* EXERCISE DIRECTIONS
Where does the string "ultimately" appear? Copy every line of the entries below that holds it.
= Beginning of Section =
(*
  A maximal matching of a graph obtained by attaching pendant edges to a leaf-free core
  graph C splits into its core part N, a matching of C in which every edge of C missed
  by N meets a core vertex carrying pendants, and the choice of one pendant edge at each
  pendant-carrying core vertex left uncovered by N; conversely, every such pair yields a
  maximal matching. Summing over the twelve matchings of the bowtie H, the number of
  maximal matchings and their total size are therefore explicit polynomials in the
  numbers of pendants. For R_n(3,3) they are 3m + 4 and 7m + 8 with m = n - 5, so its
  average lies below 7/3. When u and at least one of v1, v2, w1, w2 carry pendants, the
  total exceeds 7/3 times the number; this is checked over the zero patterns of the
  pendant numbers at v1, v2, w1, w2.
*)

theory Submission
  imports Defs "HOL-Library.FuncSet"
begin

lemma maximal_matching_iff:
  assumes "{} \<notin> E"
  shows "maximal_matching E M \<longleftrightarrow> matching E M \<and> (\<forall>e\<in>E - M. \<exists>f\<in>M. f \<inter> e \<noteq> {})"
proof
  assume "maximal_matching E M"
  then have M: "matching E M" and no_ext: "\<nexists>M'. matching E M' \<and> M \<subset> M'"
    by (auto simp: maximal_matching_def)
  have "\<exists>f\<in>M. f \<inter> e \<noteq> {}" if e: "e \<in> E - M" for e
  proof (rule ccontr)
    assume "\<not> ?thesis"
    then have "matching E (insert e M)"
      using M e unfolding matching_def by (simp add: Int_commute)
    then show False
      using no_ext e by blast
  qed
  with M show "matching E M \<and> (\<forall>e\<in>E - M. \<exists>f\<in>M. f \<inter> e \<noteq> {})"
    by blast
next
  assume M: "matching E M \<and> (\<forall>e\<in>E - M. \<exists>f\<in>M. f \<inter> e \<noteq> {})"
  have False if M': "matching E M'" "M \<subset> M'" for M'
  proof -
    obtain e where e: "e \<in> M'" "e \<notin> M"
      using \<open>M \<subset> M'\<close> by blast
    then have "e \<in> E - M"
      using M' by (auto simp: matching_def)
    then obtain f where f: "f \<in> M" "f \<inter> e \<noteq> {}"
      using M by blast
    moreover have "f \<in> M'" "f \<noteq> e"
      using f e M' by auto
    ultimately show False
      using e M' unfolding matching_def by blast
  qed
  with M show "maximal_matching E M"
    by (auto simp: maximal_matching_def)
qed

lemma matching_Int: "matching E M \<Longrightarrow> matching C (M \<inter> C)"
  unfolding matching_def by auto

definition attach_pendants :: "vtx set set \<Rightarrow> (nat \<Rightarrow> nat) \<Rightarrow> vtx set set" where
  "attach_pendants C k = C \<union> {{Core i, Leaf i j} | i j. i < 5 \<and> j < k i}"

definition pendant_cores :: "(nat \<Rightarrow> nat) \<Rightarrow> nat set" where
  "pendant_cores k = {i. i < 5 \<and> 0 < k i}"

definition pendant_dominated :: "vtx set set \<Rightarrow> (nat \<Rightarrow> nat) \<Rightarrow> vtx set set \<Rightarrow> bool" where
  "pendant_dominated C k N \<longleftrightarrow> (\<forall>e\<in>C. e \<inter> \<Union>N = {} \<longrightarrow> e \<inter> Core ` pendant_cores k \<noteq> {})"

definition free_pendant_cores :: "(nat \<Rightarrow> nat) \<Rightarrow> vtx set set \<Rightarrow> nat set" where
  "free_pendant_cores k N = {i \<in> pendant_cores k. Core i \<notin> \<Union>N}"

definition chosen_pendants :: "(nat \<Rightarrow> nat) \<Rightarrow> nat set \<Rightarrow> vtx set set" where
  "chosen_pendants \<sigma> A = (\<lambda>i. {Core i, Leaf i (\<sigma> i)}) ` A"

lemma pendant_core_covered:
  assumes "i \<in> pendant_cores k"
  shows "Core i \<in> \<Union>(N \<union> chosen_pendants \<sigma> (free_pendant_cores k N))"
proof (cases "Core i \<in> \<Union>N")
  case False
  with assms have "i \<in> free_pendant_cores k N"
    by (simp add: free_pendant_cores_def)
  then show ?thesis
    by (auto simp: chosen_pendants_def)
qed simp

lemma finite_free_pendant_cores: "finite (free_pendant_cores k N)"
  by (rule finite_subset[of _ "{..<5}"]) (auto simp: free_pendant_cores_def pendant_cores_def)

lemma pendant_edge_unique:
  assumes "matching E M" "{Core i, Leaf i j} \<in> M" "{Core i, Leaf i j'} \<in> M"
  shows "j = j'"
proof (rule ccontr)
  assume "j \<noteq> j'"
  then have "{Core i, Leaf i j} \<noteq> {Core i, Leaf i j'}"
    by (simp add: doubleton_eq_iff)
  then have "{Core i, Leaf i j} \<inter> {Core i, Leaf i j'} = {}"
    using assms unfolding matching_def by (meson bspec)
  then show False
    by simp
qed

lemma inj_on_chosen_pendants: "inj_on (\<lambda>\<sigma>. chosen_pendants \<sigma> A) (\<Pi>\<^sub>E i\<in>A. B i)"
proof (rule inj_onI)
  fix \<sigma> \<sigma>' assume \<sigma>: "\<sigma> \<in> (\<Pi>\<^sub>E i\<in>A. B i)" "\<sigma>' \<in> (\<Pi>\<^sub>E i\<in>A. B i)"
    and eq: "chosen_pendants \<sigma> A = chosen_pendants \<sigma>' A"
  have pointwise: "\<sigma> i = \<sigma>' i" if "i \<in> A" for i
  proof -
    have "{Core i, Leaf i (\<sigma> i)} \<in> chosen_pendants \<sigma>' A"
      using eq that unfolding chosen_pendants_def by blast
    then show ?thesis
      unfolding chosen_pendants_def by (auto simp: doubleton_eq_iff)
  qed
  show "\<sigma> = \<sigma>'"
    by (rule PiE_ext[OF \<sigma> pointwise])
qed

lemma card_chosen_pendants: "card (chosen_pendants \<sigma> A) = card A"
  unfolding chosen_pendants_def by (rule card_image) (auto intro: inj_onI simp: doubleton_eq_iff)

locale core_graph =
  fixes C :: "vtx set set"
  assumes finite_core: "finite C"
    and empty_notin_core: "{} \<notin> C"
    and Leaf_notin_core: "e \<in> C \<Longrightarrow> Leaf i j \<notin> e"
begin

lemma empty_notin_attach_pendants: "{} \<notin> attach_pendants C k"
  using empty_notin_core by (auto simp: attach_pendants_def)

lemma attach_pendants_cases:
  assumes "f \<in> attach_pendants C k"
  obtains "f \<in> C" | i j where "f = {Core i, Leaf i j}" "i < 5" "j < k i"
  using assms unfolding attach_pendants_def by blast

lemma chosen_pendants_disjoint_core: "chosen_pendants \<sigma> A \<inter> C = {}"
  using Leaf_notin_core by (auto simp: chosen_pendants_def)

lemma core_part_chosen_pendants:
  "matching C N \<Longrightarrow> (N \<union> chosen_pendants \<sigma> A) \<inter> C = N"
  using chosen_pendants_disjoint_core[of \<sigma> A] by (auto simp: matching_def)

lemma maximal_matching_core_dominated:
  assumes M: "maximal_matching (attach_pendants C k) M"
  shows "pendant_dominated C k (M \<inter> C)"
proof -
  have M_matching: "matching (attach_pendants C k) M"
    and M_max: "\<forall>e\<in>attach_pendants C k - M. \<exists>f\<in>M. f \<inter> e \<noteq> {}"
    using M maximal_matching_iff[OF empty_notin_attach_pendants] by auto
  show ?thesis
    unfolding pendant_dominated_def
  proof (intro ballI impI)
    fix e assume e: "e \<in> C" "e \<inter> \<Union>(M \<inter> C) = {}"
    have "e \<notin> M"
    proof
      assume "e \<in> M"
      then have "e \<inter> \<Union>(M \<inter> C) = e"
        using e(1) by blast
      with e empty_notin_core show False
        by simp
    qed
    with e have "e \<in> attach_pendants C k - M"
      by (simp add: attach_pendants_def)
    then obtain f where f: "f \<in> M" "f \<inter> e \<noteq> {}"
      using M_max by blast
    then have "f \<in> attach_pendants C k"
      using M_matching by (auto simp: matching_def)
    then show "e \<inter> Core ` pendant_cores k \<noteq> {}"
    proof (cases rule: attach_pendants_cases)
      case 1
      with f e have False
        by blast
      then show ?thesis ..
    next
      case (2 i j)
      then have "Core i \<in> e"
        using f Leaf_notin_core[OF \<open>e \<in> C\<close>] by auto
      moreover have "Core i \<in> Core ` pendant_cores k"
        using 2 by (simp add: pendant_cores_def)
      ultimately show ?thesis
        by blast
    qed
  qed
qed

lemma matching_pendant_edge:
  assumes M: "matching (attach_pendants C k) M" and e: "{Core i, Leaf i j} \<in> M"
  shows "i \<in> free_pendant_cores k (M \<inter> C)" and "j < k i"
proof -
  have "{Core i, Leaf i j} \<in> attach_pendants C k"
    using M e by (auto simp: matching_def)
  then have ij: "i < 5 \<and> j < k i"
  proof (cases rule: attach_pendants_cases)
    case 1
    then show ?thesis
      using Leaf_notin_core by blast
  next
    case (2 i' j')
    then show ?thesis
      by (auto simp: doubleton_eq_iff)
  qed
  have "Core i \<notin> f" if f: "f \<in> M \<inter> C" for f
  proof
    assume "Core i \<in> f"
    have "f \<noteq> {Core i, Leaf i j}"
      using f Leaf_notin_core by blast
    with f e M have "f \<inter> {Core i, Leaf i j} = {}"
      unfolding matching_def by (meson IntD1 bspec)
    with \<open>Core i \<in> f\<close> show False
      by blast
  qed
  with ij show "i \<in> free_pendant_cores k (M \<inter> C)" "j < k i"
    by (auto simp: free_pendant_cores_def pendant_cores_def)
qed

lemma maximal_matching_covers_free_core:
  assumes M: "maximal_matching (attach_pendants C k) M"
    and i: "i \<in> free_pendant_cores k (M \<inter> C)"
  shows "\<exists>j<k i. {Core i, Leaf i j} \<in> M"
proof (rule ccontr)
  assume uncovered: "\<not> ?thesis"
  have M_matching: "matching (attach_pendants C k) M"
    and M_max: "\<forall>e\<in>attach_pendants C k - M. \<exists>f\<in>M. f \<inter> e \<noteq> {}"
    using M maximal_matching_iff[OF empty_notin_attach_pendants] by auto
  have "{Core i, Leaf i 0} \<in> attach_pendants C k - M"
    using i uncovered by (auto simp: attach_pendants_def free_pendant_cores_def pendant_cores_def)
  then obtain f where f: "f \<in> M" "f \<inter> {Core i, Leaf i 0} \<noteq> {}"
    using M_max by blast
  then have "f \<in> attach_pendants C k"
    using M_matching by (auto simp: matching_def)
  then show False
  proof (cases rule: attach_pendants_cases)
    case 1
    then have "Core i \<in> f"
      using f Leaf_notin_core by blast
    with 1 f i show False
      by (auto simp: free_pendant_cores_def pendant_cores_def)
  next
    case (2 i' j')
    with f uncovered show False
      by auto
  qed
qed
= End of Section =
* ANSWER BOX
    ultimately show False
      ultimately show ?thesis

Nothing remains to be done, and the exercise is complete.